Each line of the material below should be retyped precisely as it appears.
----------------
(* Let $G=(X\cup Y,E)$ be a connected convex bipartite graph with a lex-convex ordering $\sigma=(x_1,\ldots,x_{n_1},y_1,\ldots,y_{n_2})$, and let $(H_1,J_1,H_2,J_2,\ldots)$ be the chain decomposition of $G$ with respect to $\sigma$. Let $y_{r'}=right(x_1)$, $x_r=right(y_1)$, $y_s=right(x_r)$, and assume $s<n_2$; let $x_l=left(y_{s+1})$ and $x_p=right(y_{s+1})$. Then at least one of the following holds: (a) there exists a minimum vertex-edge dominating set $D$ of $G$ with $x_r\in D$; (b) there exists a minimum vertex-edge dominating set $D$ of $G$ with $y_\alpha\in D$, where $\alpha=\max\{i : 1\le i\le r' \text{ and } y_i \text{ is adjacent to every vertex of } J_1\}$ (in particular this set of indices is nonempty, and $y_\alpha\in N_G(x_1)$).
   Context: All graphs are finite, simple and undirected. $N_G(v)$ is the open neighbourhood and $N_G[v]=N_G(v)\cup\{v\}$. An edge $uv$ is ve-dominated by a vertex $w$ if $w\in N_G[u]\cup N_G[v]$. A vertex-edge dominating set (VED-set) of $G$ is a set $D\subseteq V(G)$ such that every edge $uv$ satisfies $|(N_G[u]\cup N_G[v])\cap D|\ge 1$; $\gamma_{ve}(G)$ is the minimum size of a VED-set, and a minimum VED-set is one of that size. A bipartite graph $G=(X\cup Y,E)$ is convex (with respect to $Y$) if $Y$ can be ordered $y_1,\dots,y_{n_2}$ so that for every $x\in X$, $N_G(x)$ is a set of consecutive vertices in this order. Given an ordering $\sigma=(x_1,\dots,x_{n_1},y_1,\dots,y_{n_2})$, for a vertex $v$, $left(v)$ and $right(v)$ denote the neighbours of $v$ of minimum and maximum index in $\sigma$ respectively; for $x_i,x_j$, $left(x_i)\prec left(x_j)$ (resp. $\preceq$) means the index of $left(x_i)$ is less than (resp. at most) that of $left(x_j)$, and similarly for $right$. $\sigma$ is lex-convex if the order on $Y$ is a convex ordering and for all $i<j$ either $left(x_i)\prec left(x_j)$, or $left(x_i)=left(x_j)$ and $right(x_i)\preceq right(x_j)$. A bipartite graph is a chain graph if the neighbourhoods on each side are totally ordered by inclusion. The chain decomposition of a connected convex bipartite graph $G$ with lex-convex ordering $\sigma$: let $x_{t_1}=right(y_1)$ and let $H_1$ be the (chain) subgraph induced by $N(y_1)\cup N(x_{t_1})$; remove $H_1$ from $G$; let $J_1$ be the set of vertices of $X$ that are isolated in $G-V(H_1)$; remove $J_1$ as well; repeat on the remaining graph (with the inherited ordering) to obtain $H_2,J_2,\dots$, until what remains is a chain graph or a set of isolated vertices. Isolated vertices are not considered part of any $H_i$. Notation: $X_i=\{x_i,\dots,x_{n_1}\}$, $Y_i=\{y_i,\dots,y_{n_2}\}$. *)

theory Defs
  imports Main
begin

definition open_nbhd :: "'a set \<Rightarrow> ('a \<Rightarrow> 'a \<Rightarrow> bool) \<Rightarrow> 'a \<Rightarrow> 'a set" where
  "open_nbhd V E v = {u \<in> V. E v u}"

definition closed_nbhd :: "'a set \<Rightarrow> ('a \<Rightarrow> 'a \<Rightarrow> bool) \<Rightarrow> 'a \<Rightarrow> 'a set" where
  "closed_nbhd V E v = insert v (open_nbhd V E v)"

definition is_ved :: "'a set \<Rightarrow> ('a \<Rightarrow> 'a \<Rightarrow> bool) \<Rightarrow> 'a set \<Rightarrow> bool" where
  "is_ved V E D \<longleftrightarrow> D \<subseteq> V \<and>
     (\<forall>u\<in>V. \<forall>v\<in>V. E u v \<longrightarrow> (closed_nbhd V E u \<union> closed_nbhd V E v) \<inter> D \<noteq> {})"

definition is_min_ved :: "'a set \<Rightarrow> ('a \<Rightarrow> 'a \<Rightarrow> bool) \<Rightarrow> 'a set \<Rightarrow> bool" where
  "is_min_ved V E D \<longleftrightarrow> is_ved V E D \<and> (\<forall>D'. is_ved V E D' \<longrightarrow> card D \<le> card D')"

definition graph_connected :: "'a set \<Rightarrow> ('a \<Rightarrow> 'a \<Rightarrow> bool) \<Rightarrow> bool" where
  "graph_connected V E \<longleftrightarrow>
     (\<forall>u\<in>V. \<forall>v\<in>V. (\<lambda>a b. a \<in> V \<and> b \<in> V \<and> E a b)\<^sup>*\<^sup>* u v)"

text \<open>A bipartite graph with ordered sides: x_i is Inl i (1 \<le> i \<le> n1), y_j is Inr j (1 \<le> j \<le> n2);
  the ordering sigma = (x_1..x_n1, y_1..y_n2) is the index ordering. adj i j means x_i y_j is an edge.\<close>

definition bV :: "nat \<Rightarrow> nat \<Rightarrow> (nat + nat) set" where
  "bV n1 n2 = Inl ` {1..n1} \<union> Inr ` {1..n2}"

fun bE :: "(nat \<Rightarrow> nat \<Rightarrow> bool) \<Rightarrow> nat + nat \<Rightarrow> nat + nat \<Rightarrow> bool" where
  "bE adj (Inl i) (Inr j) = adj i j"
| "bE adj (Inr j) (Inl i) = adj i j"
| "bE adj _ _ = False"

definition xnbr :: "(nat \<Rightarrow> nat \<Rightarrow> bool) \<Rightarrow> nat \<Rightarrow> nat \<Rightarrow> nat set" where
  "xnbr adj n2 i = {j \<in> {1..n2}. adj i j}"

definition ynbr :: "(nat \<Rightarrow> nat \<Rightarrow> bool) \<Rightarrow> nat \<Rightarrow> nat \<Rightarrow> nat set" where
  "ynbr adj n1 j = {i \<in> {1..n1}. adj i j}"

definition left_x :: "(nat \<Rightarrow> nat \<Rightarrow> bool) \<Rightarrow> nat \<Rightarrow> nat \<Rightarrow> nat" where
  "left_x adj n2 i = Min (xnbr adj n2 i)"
----------------
Solved problem |
(* Let $G=(X\cup Y,E)$ be a connected convex bipartite graph with a lex-convex ordering $\sigma=(x_1,\ldots,x_{n_1},y_1,\ldots,y_{n_2})$, and let $(H_1,J_1,H_2,J_2,\ldots)$ be the chain decomposition of $G$ with respect to $\sigma$. Let $y_{r'}=right(x_1)$, $x_r=right(y_1)$, $y_s=right(x_r)$, and assume $s<n_2$; let $x_l=left(y_{s+1})$ and $x_p=right(y_{s+1})$. Then at least one of the following holds: (a) there exists a minimum vertex-edge dominating set $D$ of $G$ with $x_r\in D$; (b) there exists a minimum vertex-edge dominating set $D$ of $G$ with $y_\alpha\in D$, where $\alpha=\max\{i : 1\le i\le r' \text{ and } y_i \text{ is adjacent to every vertex of } J_1\}$ (in particular this set of indices is nonempty, and $y_\alpha\in N_G(x_1)$).
   Context: All graphs are finite, simple and undirected. $N_G(v)$ is the open neighbourhood and $N_G[v]=N_G(v)\cup\{v\}$. An edge $uv$ is ve-dominated by a vertex $w$ if $w\in N_G[u]\cup N_G[v]$. A vertex-edge dominating set (VED-set) of $G$ is a set $D\subseteq V(G)$ such that every edge $uv$ satisfies $|(N_G[u]\cup N_G[v])\cap D|\ge 1$; $\gamma_{ve}(G)$ is the minimum size of a VED-set, and a minimum VED-set is one of that size. A bipartite graph $G=(X\cup Y,E)$ is convex (with respect to $Y$) if $Y$ can be ordered $y_1,\dots,y_{n_2}$ so that for every $x\in X$, $N_G(x)$ is a set of consecutive vertices in this order. Given an ordering $\sigma=(x_1,\dots,x_{n_1},y_1,\dots,y_{n_2})$, for a vertex $v$, $left(v)$ and $right(v)$ denote the neighbours of $v$ of minimum and maximum index in $\sigma$ respectively; for $x_i,x_j$, $left(x_i)\prec left(x_j)$ (resp. $\preceq$) means the index of $left(x_i)$ is less than (resp. at most) that of $left(x_j)$, and similarly for $right$. $\sigma$ is lex-convex if the order on $Y$ is a convex ordering and for all $i<j$ either $left(x_i)\prec left(x_j)$, or $left(x_i)=left(x_j)$ and $right(x_i)\preceq right(x_j)$. A bipartite graph is a chain graph if the neighbourhoods on each side are totally ordered by inclusion. The chain decomposition of a connected convex bipartite graph $G$ with lex-convex ordering $\sigma$: let $x_{t_1}=right(y_1)$ and let $H_1$ be the (chain) subgraph induced by $N(y_1)\cup N(x_{t_1})$; remove $H_1$ from $G$; let $J_1$ be the set of vertices of $X$ that are isolated in $G-V(H_1)$; remove $J_1$ as well; repeat on the remaining graph (with the inherited ordering) to obtain $H_2,J_2,\dots$, until what remains is a chain graph or a set of isolated vertices. Isolated vertices are not considered part of any $H_i$. Notation: $X_i=\{x_i,\dots,x_{n_1}\}$, $Y_i=\{y_i,\dots,y_{n_2}\}$. *)

theory Defs
  imports Main
begin

definition open_nbhd :: "'a set \<Rightarrow> ('a \<Rightarrow> 'a \<Rightarrow> bool) \<Rightarrow> 'a \<Rightarrow> 'a set" where
  "open_nbhd V E v = {u \<in> V. E v u}"

definition closed_nbhd :: "'a set \<Rightarrow> ('a \<Rightarrow> 'a \<Rightarrow> bool) \<Rightarrow> 'a \<Rightarrow> 'a set" where
  "closed_nbhd V E v = insert v (open_nbhd V E v)"

definition is_ved :: "'a set \<Rightarrow> ('a \<Rightarrow> 'a \<Rightarrow> bool) \<Rightarrow> 'a set \<Rightarrow> bool" where
  "is_ved V E D \<longleftrightarrow> D \<subseteq> V \<and>
     (\<forall>u\<in>V. \<forall>v\<in>V. E u v \<longrightarrow> (closed_nbhd V E u \<union> closed_nbhd V E v) \<inter> D \<noteq> {})"

definition is_min_ved :: "'a set \<Rightarrow> ('a \<Rightarrow> 'a \<Rightarrow> bool) \<Rightarrow> 'a set \<Rightarrow> bool" where
  "is_min_ved V E D \<longleftrightarrow> is_ved V E D \<and> (\<forall>D'. is_ved V E D' \<longrightarrow> card D \<le> card D')"

definition graph_connected :: "'a set \<Rightarrow> ('a \<Rightarrow> 'a \<Rightarrow> bool) \<Rightarrow> bool" where
  "graph_connected V E \<longleftrightarrow>
     (\<forall>u\<in>V. \<forall>v\<in>V. (\<lambda>a b. a \<in> V \<and> b \<in> V \<and> E a b)\<^sup>*\<^sup>* u v)"

text \<open>A bipartite graph with ordered sides: x_i is Inl i (1 \<le> i \<le> n1), y_j is Inr j (1 \<le> j \<le> n2);
  the ordering sigma = (x_1..x_n1, y_1..y_n2) is the index ordering. adj i j means x_i y_j is an edge.\<close>

definition bV :: "nat \<Rightarrow> nat \<Rightarrow> (nat + nat) set" where
  "bV n1 n2 = Inl ` {1..n1} \<union> Inr ` {1..n2}"

fun bE :: "(nat \<Rightarrow> nat \<Rightarrow> bool) \<Rightarrow> nat + nat \<Rightarrow> nat + nat \<Rightarrow> bool" where
  "bE adj (Inl i) (Inr j) = adj i j"
| "bE adj (Inr j) (Inl i) = adj i j"
| "bE adj _ _ = False"

definition xnbr :: "(nat \<Rightarrow> nat \<Rightarrow> bool) \<Rightarrow> nat \<Rightarrow> nat \<Rightarrow> nat set" where
  "xnbr adj n2 i = {j \<in> {1..n2}. adj i j}"

definition ynbr :: "(nat \<Rightarrow> nat \<Rightarrow> bool) \<Rightarrow> nat \<Rightarrow> nat \<Rightarrow> nat set" where
  "ynbr adj n1 j = {i \<in> {1..n1}. adj i j}"

definition left_x :: "(nat \<Rightarrow> nat \<Rightarrow> bool) \<Rightarrow> nat \<Rightarrow> nat \<Rightarrow> nat" where
  "left_x adj n2 i = Min (xnbr adj n2 i)"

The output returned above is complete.